At a family event last week, my brother asked me which races I’d be covering at the Breeders’ Cup this year. Small stories on a bunch of races, I said, and big ones on the Juvenile Turf and the Juvenile Sprint.
“The Juvenile Sprint?” he said, and smiled, looking at my nephew. “Hey, Christopher, know who Teresa’s going to see next weekend?”
No, the nine-year-old said.
“Trinniberg,” replied his father.
Christopher made Trinniberg’s acquaintance on closing day at Saratoga in the Hopeful, when Trinniberg almost made his day; only three-quarters of Currency Swap’s body prevented Christopher from cashing to the tune of nearly $300 from his $4 win ticket.
Our family’s interest in the two-year-old Trinniberg seems somehow fitting, given that the horse himself is a family affair.
He’s trained by Bisnath Parboo and owned by Bisnath’s son Shivananda; Parboo père told me all of the horses he trains are owned by family members: Shivananda or his brother, or Shivananda’s daughter Sherry.
Trinniberg is by Teuflesberg; he broke his maiden in July by nearly six lengths at Calder, where Parboo is now based after training for years in New York. It was then that the trainer decided to bring him to Saratoga.
“He looked very good, very promising for Saratoga,” said Parboo, who is originally from Trinidad and Tobago.
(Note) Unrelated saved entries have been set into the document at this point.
lemma rel_entropy_prod_density_change_of_reference:
  fixes p q :: "'x \<Rightarrow> 'k::countable \<Rightarrow> real" and G :: "'k \<Rightarrow> real"
  assumes A: "finite A" and S: "set_pmf \<mu> \<subseteq> {\<eta>. \<forall>x. x \<notin> A \<longrightarrow> \<eta> x = z}"
    and p_nonneg: "\<And>x k. x \<in> A \<Longrightarrow> 0 \<le> p x k"
    and p_summable: "\<And>x. x \<in> A \<Longrightarrow> p x summable_on UNIV"
    and p_mass: "\<And>x. x \<in> A \<Longrightarrow> infsum (p x) UNIV \<le> 1"
    and q_pos: "\<And>x k. x \<in> A \<Longrightarrow> 0 < q x k"
    and ratio: "\<And>x k. x \<in> A \<Longrightarrow> p x k \<le> q x k * exp (G k)"
    and \<gamma>: "0 < \<gamma>" and L: "0 < L"
    and moment_summable: "\<And>x. x \<in> A \<Longrightarrow> (\<lambda>k. p x k * exp (\<gamma> * G k)) summable_on UNIV"
    and moment: "\<And>x. x \<in> A \<Longrightarrow> infsum (\<lambda>k. p x k * exp (\<gamma> * G k)) UNIV \<le> L"
  shows "rel_entropy \<mu> (prod_density A z q)
    \<le> ereal (1 + 1/\<gamma>) * (rel_entropy \<mu> (prod_density A z p) + 1)
      + ereal ((1 + real (card A) * max 0 (ln L)) / \<gamma>)"
proof -
  define F where "F \<eta> = (\<Sum>x\<in>A. G (\<eta> x))" for \<eta> :: "'x \<Rightarrow> 'k"
  have on_support: "prod_density A z v \<eta> = (\<Prod>x\<in>A. v x (\<eta> x))" if "\<eta> \<in> set_pmf \<mu>" for v \<eta>
    using S that by (auto simp: prod_density_def)
  have "rel_entropy \<mu> (prod_density A z q)
    \<le> ereal (1 + 1/\<gamma>) * (rel_entropy \<mu> (prod_density A z p) + 1)
      + ereal ((1 + max 0 (ln (L ^ card A))) / \<gamma>)"
  proof (rule rel_entropy_change_of_reference[where F = F])
    fix \<eta> assume \<eta>: "\<eta> \<in> set_pmf \<mu>"
    show "0 \<le> prod_density A z p \<eta>" "0 < prod_density A z q \<eta>"
      using p_nonneg q_pos by (auto simp: on_support[OF \<eta>] intro: prod_nonneg prod_pos)
    have "(\<Prod>x\<in>A. p x (\<eta> x)) \<le> (\<Prod>x\<in>A. q x (\<eta> x) * exp (G (\<eta> x)))"
      using p_nonneg ratio by (intro prod_mono) auto
    then show "prod_density A z p \<eta> \<le> prod_density A z q \<eta> * exp (F \<eta>)"
      using A by (simp add: on_support[OF \<eta>] F_def prod.distrib exp_sum)
  next
    have "(\<integral>\<^sup>+\<eta>. ennreal (prod_density A z p \<eta>) \<partial>count_space (set_pmf \<mu>))
        = (\<integral>\<^sup>+\<eta>. ennreal (\<Prod>x\<in>A. p x (\<eta> x)) \<partial>count_space (set_pmf \<mu>))"
      by (intro nn_integral_cong) (simp add: on_support)
    also have "\<dots> \<le> ennreal (\<Prod>x\<in>A. 1)"
      by (rule nn_integral_finite_product_le[OF A p_nonneg p_summable p_mass S])
    finally show "(\<integral>\<^sup>+\<eta>. ennreal (prod_density A z p \<eta>) \<partial>count_space (set_pmf \<mu>)) \<le> 1" by simp
  next
    have "(\<integral>\<^sup>+\<eta>. ennreal (prod_density A z p \<eta> * exp (\<gamma> * F \<eta>)) \<partial>count_space (set_pmf \<mu>))
        = (\<integral>\<^sup>+\<eta>. ennreal (\<Prod>x\<in>A. p x (\<eta> x) * exp (\<gamma> * G (\<eta> x))) \<partial>count_space (set_pmf \<mu>))"
      using A by (intro nn_integral_cong) (simp add: on_support F_def prod.distrib exp_sum sum_distrib_left)
    also have "\<dots> \<le> ennreal (\<Prod>x\<in>A. L)"
      by (rule nn_integral_finite_product_le[OF A _ moment_summable moment S]) (simp add: p_nonneg)
    finally show "(\<integral>\<^sup>+\<eta>. ennreal (prod_density A z p \<eta> * exp (\<gamma> * F \<eta>)) \<partial>count_space (set_pmf \<mu>))
        \<le> ennreal (L ^ card A)" by simp
  qed (use \<gamma> L in auto)
  also have "max 0 (ln (L ^ card A)) = real (card A) * max 0 (ln L)"
    using L by (auto simp: ln_realpow max_def mult_le_0_iff zero_le_mult_iff)
  finally show ?thesis .
qed

lemma sites_eq_PiE: "sites N = PiE UNIV (\<lambda>_::'d::finite. {..<N})"
  by (auto simp: sites_def PiE_def Pi_def extensional_def)

lemma finite_sites: "finite (sites N :: ('d::finite \<Rightarrow> nat) set)"
  unfolding sites_eq_PiE by (intro finite_PiE) auto

lemma card_sites: "card (sites N :: ('d::finite \<Rightarrow> nat) set) = N ^ CARD('d)"
  unfolding sites_eq_PiE by (simp add: card_PiE)

lemma scaled_site_in_cbox: "1 \<le> N \<Longrightarrow> x \<in> sites N \<Longrightarrow> scaled_site N x \<in> cbox 0 1"
  by (auto simp: mem_box_cart scaled_site_def sites_def divide_le_eq_1 less_imp_le)

lemma nuN_prof_eq_prod_density:
  "nuN_prof g1 g2 \<rho> N = prod_density (sites N) (0, 0) (\<lambda>x. nu1 g1 g2 (\<rho> (scaled_site N x)))"
  by (simp add: fun_eq_iff nuN_prof_def prod_density_def configs_def)

lemma nuN_const_eq_prod_density: "nuN_const g1 g2 a N = prod_density (sites N) (0, 0) (\<lambda>x. nu1 g1 g2 a)"
  by (simp add: fun_eq_iff nuN_const_def prod_density_def configs_def)

section \<open>Uniform bounds along the profile\<close>

lemma limsup_ratio_bounded:
  fixes f g :: "nat \<Rightarrow> ereal" and n :: "nat \<Rightarrow> real"
  assumes f: "limsup (\<lambda>N. f N / ereal (n N)) < \<infinity>"
    and n: "\<forall>\<^sub>F N in sequentially. 1 \<le> n N"
    and g: "\<forall>\<^sub>F N in sequentially. g N \<le> ereal a * (f N + 1) + ereal (b + c * n N)"
    and abc: "0 \<le> a" "0 \<le> b" "0 \<le> c"
  shows "limsup (\<lambda>N. g N / ereal (n N)) < \<infinity>"
proof -
  have "limsup (\<lambda>N. f N / ereal (n N)) \<noteq> \<infinity>" using f by simp
  then obtain K :: nat where "limsup (\<lambda>N. f N / ereal (n N)) < ereal (real K)"
    unfolding less_PInf_Ex_of_nat by blast
  then have "\<forall>\<^sub>F N in sequentially. f N / ereal (n N) < ereal (real K)"
    by (rule Limsup_lessD)
  with n g have "\<forall>\<^sub>F N in sequentially. g N / ereal (n N) \<le> ereal (a * K + a + b + c)"
  proof eventually_elim
    case (elim N)
    then have "f N \<le> ereal (real K * n N)"
      by (simp add: ereal_divide_less_iff mult.commute less_imp_le)
    then have "f N + 1 \<le> ereal (real K * n N + 1)"
      using add_right_mono[of "f N" "ereal (real K * n N)" 1] by simp
    then have "ereal a * (f N + 1) \<le> ereal (a * (real K * n N + 1))"
      using ereal_mult_left_mono[of "f N + 1" "ereal (real K * n N + 1)" "ereal a"] abc(1) by simp
    then have "g N \<le> ereal (a * (real K * n N + 1) + (b + c * n N))"
      using elim(2) by (metis add_right_mono order_trans plus_ereal.simps(1))
    also have "\<dots> \<le> ereal ((a * K + a + b + c) * n N)"
      using mult_left_mono[OF elim(1) abc(1)] mult_left_mono[OF elim(1) abc(2)]
      by (simp add: algebra_simps)
    finally have "g N / ereal (n N) \<le> ereal ((a * K + a + b + c) * n N) / ereal (n N)"
      using elim(1) by (intro ereal_divide_right_mono) auto
    then show ?case using elim(1) by simp
  qed
  then have "limsup (\<lambda>N. g N / ereal (n N)) \<le> ereal (a * K + a + b + c)"
    by (rule Limsup_bounded)
  then show ?thesis by (rule le_less_trans) simp
qed

context two_species_rate
begin

lemma nubar1_reference_bounds:
  assumes \<phi>a: "\<phi>a \<in> DZ g1 g2" and \<phi>: "\<phi> \<in> DZ g1 g2" "fst \<phi> \<le> B * fst \<phi>a" "snd \<phi> \<le> B * snd \<phi>a"
    and B: "1 \<le> B" and s: "s *\<^sub>R \<phi> \<in> DZ g1 g2" "Zfun g1 g2 (s *\<^sub>R \<phi>) \<le> M"
    and \<gamma>: "0 < \<gamma>" "exp (\<gamma> * ln B) \<le> s"
  defines "G \<equiv> \<lambda>k. ln (Zfun g1 g2 \<phi>a) + real (fst k + snd k) * ln B"
  shows "nubar1 g1 g2 \<phi> k \<le> nubar1 g1 g2 \<phi>a k * exp (G k)"
    and "(\<lambda>k. nubar1 g1 g2 \<phi> k * exp (\<gamma> * G k)) summable_on UNIV"
    and "infsum (\<lambda>k. nubar1 g1 g2 \<phi> k * exp (\<gamma> * G k)) UNIV \<le> exp (\<gamma> * ln (Zfun g1 g2 \<phi>a)) * M"
proof -
  have "0 \<le> fst \<phi>" "0 \<le> snd \<phi>" using DZ_Rplus2[OF \<phi>(1)] by (auto simp: Rplus2_def)
  have Za: "1 \<le> Zfun g1 g2 \<phi>a" by (rule Zfun_ge_1[OF \<phi>a])
  have "nubar1 g1 g2 \<phi> k \<le> Zterm g1 g2 \<phi> k" by (rule nubar1_le_Zterm[OF \<phi>(1)])
  also have "\<dots> \<le> Zterm g1 g2 (B *\<^sub>R \<phi>a) k"
    using \<open>0 \<le> fst \<phi>\<close> \<open>0 \<le> snd \<phi>\<close> \<phi> by (intro Zterm_mono) auto
  also have "\<dots> = nubar1 g1 g2 \<phi>a k * exp (G k)"
  proof -
    have "exp (real (fst k + snd k) * ln B) = B ^ (fst k + snd k)"
      using B by (simp add: exp_of_nat_mult del: of_nat_add)
    then show ?thesis using Za by (simp add: G_def Zterm_scaleR nubar1_def exp_add del: of_nat_add)
  qed
  finally show "nubar1 g1 g2 \<phi> k \<le> nubar1 g1 g2 \<phi>a k * exp (G k)" .
  define E where "E = exp (\<gamma> * ln (Zfun g1 g2 \<phi>a))"
  have bound: "nubar1 g1 g2 \<phi> j * exp (\<gamma> * G j) \<le> E * Zterm g1 g2 (s *\<^sub>R \<phi>) j" for j
  proof -
    have "exp (\<gamma> * G j) = E * exp (\<gamma> * ln B) ^ (fst j + snd j)"
      by (simp add: G_def E_def distrib_left exp_add exp_of_nat_mult[symmetric] mult_ac)
    also have "\<dots> \<le> E * s ^ (fst j + snd j)"
      using \<gamma> by (auto simp: E_def intro!: power_mono)
    finally have "exp (\<gamma> * G j) \<le> E * s ^ (fst j + snd j)" .
    moreover have "0 \<le> nubar1 g1 g2 \<phi> j" "nubar1 g1 g2 \<phi> j \<le> Zterm g1 g2 \<phi> j"
      using nubar1_nonneg[OF DZ_Rplus2[OF \<phi>(1)]] nubar1_le_Zterm[OF \<phi>(1)] by auto
    ultimately have "nubar1 g1 g2 \<phi> j * exp (\<gamma> * G j) \<le> Zterm g1 g2 \<phi> j * (E * s ^ (fst j + snd j))"
      by (intro mult_mono) auto
    then show ?thesis by (simp add: Zterm_scaleR mult_ac)
  qed
  have nonneg: "0 \<le> nubar1 g1 g2 \<phi> j * exp (\<gamma> * G j)" for j
    using nubar1_nonneg[OF DZ_Rplus2[OF \<phi>(1)]] by simp
  have majorant: "((\<lambda>j. E * Zterm g1 g2 (s *\<^sub>R \<phi>) j) has_sum (E * Zfun g1 g2 (s *\<^sub>R \<phi>))) UNIV"
    by (intro has_sum_cmult_right Zfun_has_sum s(1))
  show summable: "(\<lambda>j. nubar1 g1 g2 \<phi> j * exp (\<gamma> * G j)) summable_on UNIV"
    by (rule summable_on_comparison_test[OF has_sum_imp_summable[OF majorant]]) (use bound nonneg in auto)
  have "infsum (\<lambda>j. nubar1 g1 g2 \<phi> j * exp (\<gamma> * G j)) UNIV \<le> E * Zfun g1 g2 (s *\<^sub>R \<phi>)"
    using infsum_mono[OF summable has_sum_imp_summable[OF majorant] bound] majorant
    by (simp add: infsumI)
  also have "\<dots> \<le> E * M" using s(2) by (simp add: E_def)
  finally show "infsum (\<lambda>j. nubar1 g1 g2 \<phi> j * exp (\<gamma> * G j)) UNIV \<le> exp (\<gamma> * ln (Zfun g1 g2 \<phi>a)) * M"
    by (simp add: E_def)
qed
That promise was at first not in evidence at the Spa, as Trinniberg was trounced by 26 lengths in the Saratoga Special (won by Union Rags, the favorite in Saturday’s Juvenile). But three weeks later, he looked like he was going to pull the upset of the meet before being nailed at the wire by Currency Swap after setting fractions of :21.4 and :45.
Pretty much the same scenario played out a month later at Belmont, when Trinniberg again set the pace, this time in the Grade II Nashua. While Currency Swap was nowhere to be found and Trinniberg’s odds were a measly 4.70-1, the result was the same: Vexor got to him in the stretch, and Trinniberg and the Parboos had to settle for second, by an identical three-quarters of a length.
“He’ll run better this time,” said Bisnath at his Churchill barn Thursday morning. He smiled. “In my opinion.”
As a result of these two losses, the trainer has changed the colt’s morning routine, taking him to the track with a pony and working him in company. “Sometimes we make the other horse a target,” said Bisnath, “and sometimes we teach him to go to the front.”
He’s leaving Friday afternoon’s strategy in the hands of jockey Cornelio Velasquez, who’s been aboard for the horse’s last three starts. “What he’ll do all depends on the jockey,” said Bisnath. “Cornelio knows him very well, so whatever he thinks is best, go to the front or sit off the pace, he will do it.”
“He’s a very, very nice horse,” said Shivananda. “He’s a little bit nervous, but going out with the pony every day has made a big difference.”
This “very nice” horse came to the Parboo family almost by accident. Shivananda tells a story of the horse’s purchase that almost defies credulity. “It was a trip,” he admitted.
“One of the grooms, Julio Tapahuasco, and I went to buy supplies in Ocala. I didn’t even know there was a sale, and I didn’t intend to buy a horse. I didn’t have a check or anything with me.
“But we went in and we looked, and as we were walking out the door, I looked back at the ring. I didn’t know the horse’s pedigree, I didn’t know what he looked like up close, I didn’t know if he breezed. I just looked him and I liked his back-end shape, and I said, ‘I’m going to buy that horse,’ and I started bidding.
“Julio said, ‘You don’t know the horse, you don’t even know if he worked.’ I said, ‘Don’t worry, man, we’re going to be all right.’
“I got him for $21,000. He made his money back a long time ago.”
“All my family’s coming,” said Shivananda. “They’re coming from New Jersey, from New York, from Florida. We don’t have enough seats. I had to tell some of them they can’t come.”
While Shivananda is allowing himself some tentative Derby dreams, he’s also thinking realistically. “We wouldn’t have run him here,” he said, “without this Juvenile Sprint race. I wasn’t going in a mile and a sixteenth in the Juvenile. He’s not ready for that.
“We gotta see how he can work this race. This is the main race where he’s going to tell us if he can really step up.”
Win or lose, Trinniberg’s next steps are set. He’ll take a few months off and come back at Gulfstream in the new year, and his next race, said Shivananda, “will definitely be longer.”
“Hopefully,” he said, “he can bring us back here for the Kentucky Derby. That would be another dream.”
For now, though, Bisnath is thinking about today.
“He will win,” he said. He smiled. “In my opinion.”